▶ **SUPPLIED INFORMATION**
----------------------------------------

(* Let $D,\Omega$ be planar domains with $0\notin D$, $\wp$ a smooth positive function on $\Omega$, and let $f:D\to\Omega$ be a diffeomorphism such that $$\wp^2(f(z))\,f_z\,\overline{f_{\bar z}}=\frac{\mathbf{c}}{z^2},\qquad z\in D,$$ for a real constant $\mathbf{c}$. Assume that for $w\in\Omega$ the following function is well defined: $$\omega(w)=\begin{cases}2\sqrt{-\mathbf{c}}\,\log\dfrac{1}{|f^{-1}(w)|},&\mathbf{c}<0,\\[4pt] 2\sqrt{\mathbf{c}}\,\arg(f^{-1}(w)),&\mathbf{c}>0.\end{cases}$$ Then $\omega$ satisfies $$\mathrm{div}\left(\frac{\nabla\omega}{\sqrt{1+\frac{|\nabla\omega(u,v)|^2}{\wp^2(u,v)}}}\right)=0\quad\text{in }\Omega.$$ *)

theory Defs
  imports "HOL-Analysis.Analysis"
begin

text \<open>C^k functions on a set (derivative taken at each point of the set, meant for open sets).\<close>
primrec Ck_on :: "nat \<Rightarrow> 'a::euclidean_space set \<Rightarrow> ('a \<Rightarrow> 'b::real_normed_vector) \<Rightarrow> bool" where
  "Ck_on 0 S f = continuous_on S f"
| "Ck_on (Suc k) S f =
     (\<exists>f'. (\<forall>x\<in>S. (f has_derivative f' x) (at x)) \<and> (\<forall>v. Ck_on k S (\<lambda>x. f' x v)))"

definition smooth_on :: "'a::euclidean_space set \<Rightarrow> ('a \<Rightarrow> 'b::real_normed_vector) \<Rightarrow> bool" where
  "smooth_on S f \<longleftrightarrow> (\<forall>k. Ck_on k S f)"

definition wirt_z :: "(complex \<Rightarrow> complex) \<Rightarrow> complex \<Rightarrow> complex" where
  "wirt_z f z = (frechet_derivative f (at z) 1 - \<i> * frechet_derivative f (at z) \<i>) / 2"

definition wirt_zbar :: "(complex \<Rightarrow> complex) \<Rightarrow> complex \<Rightarrow> complex" where
  "wirt_zbar f z = (frechet_derivative f (at z) 1 + \<i> * frechet_derivative f (at z) \<i>) / 2"

text \<open>Gradient of a real function of w = u + i v, written as the complex number omega_u + i omega_v.\<close>
definition grad :: "(complex \<Rightarrow> real) \<Rightarrow> complex \<Rightarrow> complex" where
  "grad g w = complex_of_real (frechet_derivative g (at w) 1)
              + \<i> * complex_of_real (frechet_derivative g (at w) \<i>)"

text \<open>Divergence of a planar vector field V = P + i Q: P_u + Q_v.\<close>
definition divergence :: "(complex \<Rightarrow> complex) \<Rightarrow> complex \<Rightarrow> real" where
  "divergence V w = Re (frechet_derivative V (at w) 1) + Im (frechet_derivative V (at w) \<i>)"

end

theory Submission
  imports Defs
begin

(* Write g for the inverse of f and choose beta with beta^2 = -4c (beta = -2 sqrt(-c) if c < 0,
   beta = -2i sqrt c if c > 0), so that omega = Re F + const locally, with F = beta log g.
   The chain rule for g = f^-1 expresses the Wirtinger derivatives P = F_w and Q = F_wbar
   through f_z and f_zbar, and grad omega = Q + conj P. The equation for f makes P Q a
   nonnegative real number with (|P|^2 - |Q|^2)^2 = 4 |P| |Q| p^2, and then
     grad omega / sqrt (1 + |grad omega|^2 / p^2) = +-(conj P - Q),
   the rotated gradient (d/dv Im F, - d/du Im F), the sign being that of the Jacobian of g,
   which is constant on the connected set Omega. A rotated gradient is divergence free by the
   symmetry of the mixed second derivatives (Schwarz), proved here from the mean value theorem. *)

lemma has_real_derivative_along_line:
  fixes \<phi> :: "'a::real_normed_vector \<Rightarrow> real"
  assumes "(\<phi> has_derivative D) (at (a + s *\<^sub>R v))"
  shows "((\<lambda>s. \<phi> (a + s *\<^sub>R v)) has_real_derivative D v) (at s)"
proof -
  have "((\<lambda>s. a + s *\<^sub>R v) has_derivative (\<lambda>s. s *\<^sub>R v)) (at s)"
    by (auto intro!: derivative_eq_intros)
  from diff_chain_at[OF this assms]
  have "((\<lambda>s. \<phi> (a + s *\<^sub>R v)) has_derivative (\<lambda>s. D (s *\<^sub>R v))) (at s)"
    by (simp add: o_def)
  moreover have "D (x *\<^sub>R v) = D v * x" for x
    using linear_scale[OF has_derivative_linear[OF assms]] by simp
  ultimately show ?thesis
    unfolding has_field_derivative_def by (simp add: mult.commute[of _ "D v"] fun_eq_iff)
qed

lemma second_difference_mean_value:
  fixes \<phi> :: "'a::real_normed_vector \<Rightarrow> real"
  assumes h: "h > 0"
    and square: "\<And>s t. 0 \<le> s \<Longrightarrow> s \<le> h \<Longrightarrow> 0 \<le> t \<Longrightarrow> t \<le> h \<Longrightarrow> x0 + s *\<^sub>R u + t *\<^sub>R v \<in> S"
    and \<phi>: "\<And>x. x \<in> S \<Longrightarrow> (\<phi> has_derivative D\<phi> x) (at x)"
    and \<phi>u: "\<And>x. x \<in> S \<Longrightarrow> ((\<lambda>y. D\<phi> y u) has_derivative E x) (at x)"
  obtains s t where "0 < s" "s < h" "0 < t" "t < h"
    "\<phi> (x0 + h *\<^sub>R u + h *\<^sub>R v) - \<phi> (x0 + h *\<^sub>R u) - \<phi> (x0 + h *\<^sub>R v) + \<phi> x0
       = h\<^sup>2 * E (x0 + s *\<^sub>R u + t *\<^sub>R v) v"
proof -
  define pt where "pt s t = x0 + s *\<^sub>R u + t *\<^sub>R v" for s t
  have inS: "pt s t \<in> S" if "0 \<le> s" "s \<le> h" "0 \<le> t" "t \<le> h" for s t
    using square[OF that] by (simp add: pt_def)
  have along_u: "((\<lambda>s. \<phi> (pt s t)) has_real_derivative D\<phi> (pt s t) u) (at s)" if "pt s t \<in> S" for s t
    using has_real_derivative_along_line[of \<phi> "D\<phi> (pt s t)" "x0 + t *\<^sub>R v" s u] \<phi>[OF that]
    by (simp add: pt_def algebra_simps)
  have along_v: "((\<lambda>t. D\<phi> (pt s t) u) has_real_derivative E (pt s t) v) (at t)" if "pt s t \<in> S" for s t
    using has_real_derivative_along_line[of "\<lambda>y. D\<phi> y u" "E (pt s t)" "x0 + s *\<^sub>R u" t v] \<phi>u[OF that]
    by (simp add: pt_def algebra_simps)
  have "\<exists>s. 0 < s \<and> s < h \<and> (\<phi> (pt h h) - \<phi> (pt h 0)) - (\<phi> (pt 0 h) - \<phi> (pt 0 0))
      = (h - 0) * (D\<phi> (pt s h) u - D\<phi> (pt s 0) u)"
  proof (rule MVT2[OF h])
    fix s assume "0 \<le> s" "s \<le> h"
    with h show "((\<lambda>s. \<phi> (pt s h) - \<phi> (pt s 0)) has_real_derivative D\<phi> (pt s h) u - D\<phi> (pt s 0) u) (at s)"
      by (intro DERIV_diff along_u inS) auto
  qed
  then obtain s where s: "0 < s" "s < h"
    and \<Delta>s: "\<phi> (pt h h) - \<phi> (pt h 0) - \<phi> (pt 0 h) + \<phi> (pt 0 0) = h * (D\<phi> (pt s h) u - D\<phi> (pt s 0) u)"
    by (auto simp: algebra_simps)
  have "\<exists>t. 0 < t \<and> t < h \<and> D\<phi> (pt s h) u - D\<phi> (pt s 0) u = (h - 0) * E (pt s t) v"
  proof (rule MVT2[OF h])
    fix t assume "0 \<le> t" "t \<le> h"
    with s show "((\<lambda>t. D\<phi> (pt s t) u) has_real_derivative E (pt s t) v) (at t)"
      by (intro along_v inS) auto
  qed
  then obtain t where "0 < t" "t < h" "D\<phi> (pt s h) u - D\<phi> (pt s 0) u = h * E (pt s t) v"
    by auto
  with s \<Delta>s show ?thesis
    by (intro that[of s t]) (simp_all add: pt_def power2_eq_square)
qed
(* Let $G$ be a looped simple graph. (a) No element of $M[IAS(G)]$ is a coloop. (b) Two distinct elements of $M[IAS(G)]$ are in series if and only if they are the two non-loop elements of the vertex triple $\tau_G(v)$ of an isolated vertex $v$ of $G$ (and in that case they are also parallel).
   Context: A looped simple graph is a finite graph in which each vertex carries at most one loop and no two distinct vertices are joined by more than one edge; "neighbors" are distinct vertices joined by a non-loop edge, and a vertex is isolated if it has no neighbors (it may be looped). $A(G)$ is the $V(G)\times V(G)$ matrix over $GF(2)$ with diagonal entry $1$ exactly at looped vertices and off-diagonal entry $1$ exactly for adjacent pairs. $IAS(G)=(I\mid A(G)\mid A(G)+I)$ over $GF(2)$, rows indexed by $V(G)$; the $v$-columns of the three blocks are labelled $\phi_G(v),\chi_G(v),\psi_G(v)$. $M[IAS(G)]$ is the binary column matroid of $IAS(G)$ on $W(G)=\{\phi_G(v),\chi_G(v),\psi_G(v):v\in V(G)\}$, and $\tau_G(v)=\{\phi_G(v),\chi_G(v),\psi_G(v)\}$. A loop is an element in no basis; a coloop is an element in every basis. Two non-loop elements are parallel if they form a $2$-element circuit. Two non-coloop elements are in series if no basis excludes both of them (coloops are all considered in series with one another). *)

theory Defs
  imports Main "HOL-Library.Z2"
begin

text \<open>A looped simple graph: finite vertex set V, symmetric irreflexive adjacency E
  (non-loop edges, only between vertices of V), and a predicate L marking looped vertices.\<close>

definition looped_simple_graph :: "'a set \<Rightarrow> ('a \<Rightarrow> 'a \<Rightarrow> bool) \<Rightarrow> bool" where
  "looped_simple_graph V E \<longleftrightarrow> finite V \<and> (\<forall>v w. E v w \<longrightarrow> E w v)
     \<and> (\<forall>v. \<not> E v v) \<and> (\<forall>v w. E v w \<longrightarrow> v \<in> V \<and> w \<in> V)"

definition isolated :: "'a set \<Rightarrow> ('a \<Rightarrow> 'a \<Rightarrow> bool) \<Rightarrow> 'a \<Rightarrow> bool" where
  "isolated V E v \<longleftrightarrow> v \<in> V \<and> \<not> (\<exists>w\<in>V. w \<noteq> v \<and> E v w)"

definition adjm :: "('a \<Rightarrow> 'a \<Rightarrow> bool) \<Rightarrow> ('a \<Rightarrow> bool) \<Rightarrow> 'a \<Rightarrow> 'a \<Rightarrow> bit" where
  "adjm E L u v = (if u = v then (if L v then 1 else 0) else (if E u v then 1 else 0))"

datatype blk = Phi | Chi | Psi

text \<open>Elements of W(G): (v,Phi) = phi_G(v), (v,Chi) = chi_G(v), (v,Psi) = psi_G(v).\<close>
definition W :: "'a set \<Rightarrow> ('a \<times> blk) set" where
  "W V = V \<times> UNIV"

----------------------------------------

▶ **WHAT THE TASK REQUIRES**
Copy the lines above exactly, beginning at the line that has "beta = -2i sqrt" and stopping after the line that has "define pt where", and omit the rest.

▶ **WRITTEN SOLUTION**
   beta = -2i sqrt c if c > 0), so that omega = Re F + const locally, with F = beta log g.
   The chain rule for g = f^-1 expresses the Wirtinger derivatives P = F_w and Q = F_wbar
   through f_z and f_zbar, and grad omega = Q + conj P. The equation for f makes P Q a
   nonnegative real number with (|P|^2 - |Q|^2)^2 = 4 |P| |Q| p^2, and then
     grad omega / sqrt (1 + |grad omega|^2 / p^2) = +-(conj P - Q),
   the rotated gradient (d/dv Im F, - d/du Im F), the sign being that of the Jacobian of g,
   which is constant on the connected set Omega. A rotated gradient is divergence free by the
   symmetry of the mixed second derivatives (Schwarz), proved here from the mean value theorem. *)

lemma has_real_derivative_along_line:
  fixes \<phi> :: "'a::real_normed_vector \<Rightarrow> real"
  assumes "(\<phi> has_derivative D) (at (a + s *\<^sub>R v))"
  shows "((\<lambda>s. \<phi> (a + s *\<^sub>R v)) has_real_derivative D v) (at s)"
proof -
  have "((\<lambda>s. a + s *\<^sub>R v) has_derivative (\<lambda>s. s *\<^sub>R v)) (at s)"
    by (auto intro!: derivative_eq_intros)
  from diff_chain_at[OF this assms]
  have "((\<lambda>s. \<phi> (a + s *\<^sub>R v)) has_derivative (\<lambda>s. D (s *\<^sub>R v))) (at s)"
    by (simp add: o_def)
  moreover have "D (x *\<^sub>R v) = D v * x" for x
    using linear_scale[OF has_derivative_linear[OF assms]] by simp
  ultimately show ?thesis
    unfolding has_field_derivative_def by (simp add: mult.commute[of _ "D v"] fun_eq_iff)
qed

lemma second_difference_mean_value:
  fixes \<phi> :: "'a::real_normed_vector \<Rightarrow> real"
  assumes h: "h > 0"
    and square: "\<And>s t. 0 \<le> s \<Longrightarrow> s \<le> h \<Longrightarrow> 0 \<le> t \<Longrightarrow> t \<le> h \<Longrightarrow> x0 + s *\<^sub>R u + t *\<^sub>R v \<in> S"
    and \<phi>: "\<And>x. x \<in> S \<Longrightarrow> (\<phi> has_derivative D\<phi> x) (at x)"
    and \<phi>u: "\<And>x. x \<in> S \<Longrightarrow> ((\<lambda>y. D\<phi> y u) has_derivative E x) (at x)"
  obtains s t where "0 < s" "s < h" "0 < t" "t < h"
    "\<phi> (x0 + h *\<^sub>R u + h *\<^sub>R v) - \<phi> (x0 + h *\<^sub>R u) - \<phi> (x0 + h *\<^sub>R v) + \<phi> x0
       = h\<^sup>2 * E (x0 + s *\<^sub>R u + t *\<^sub>R v) v"
proof -
  define pt where "pt s t = x0 + s *\<^sub>R u + t *\<^sub>R v" for s t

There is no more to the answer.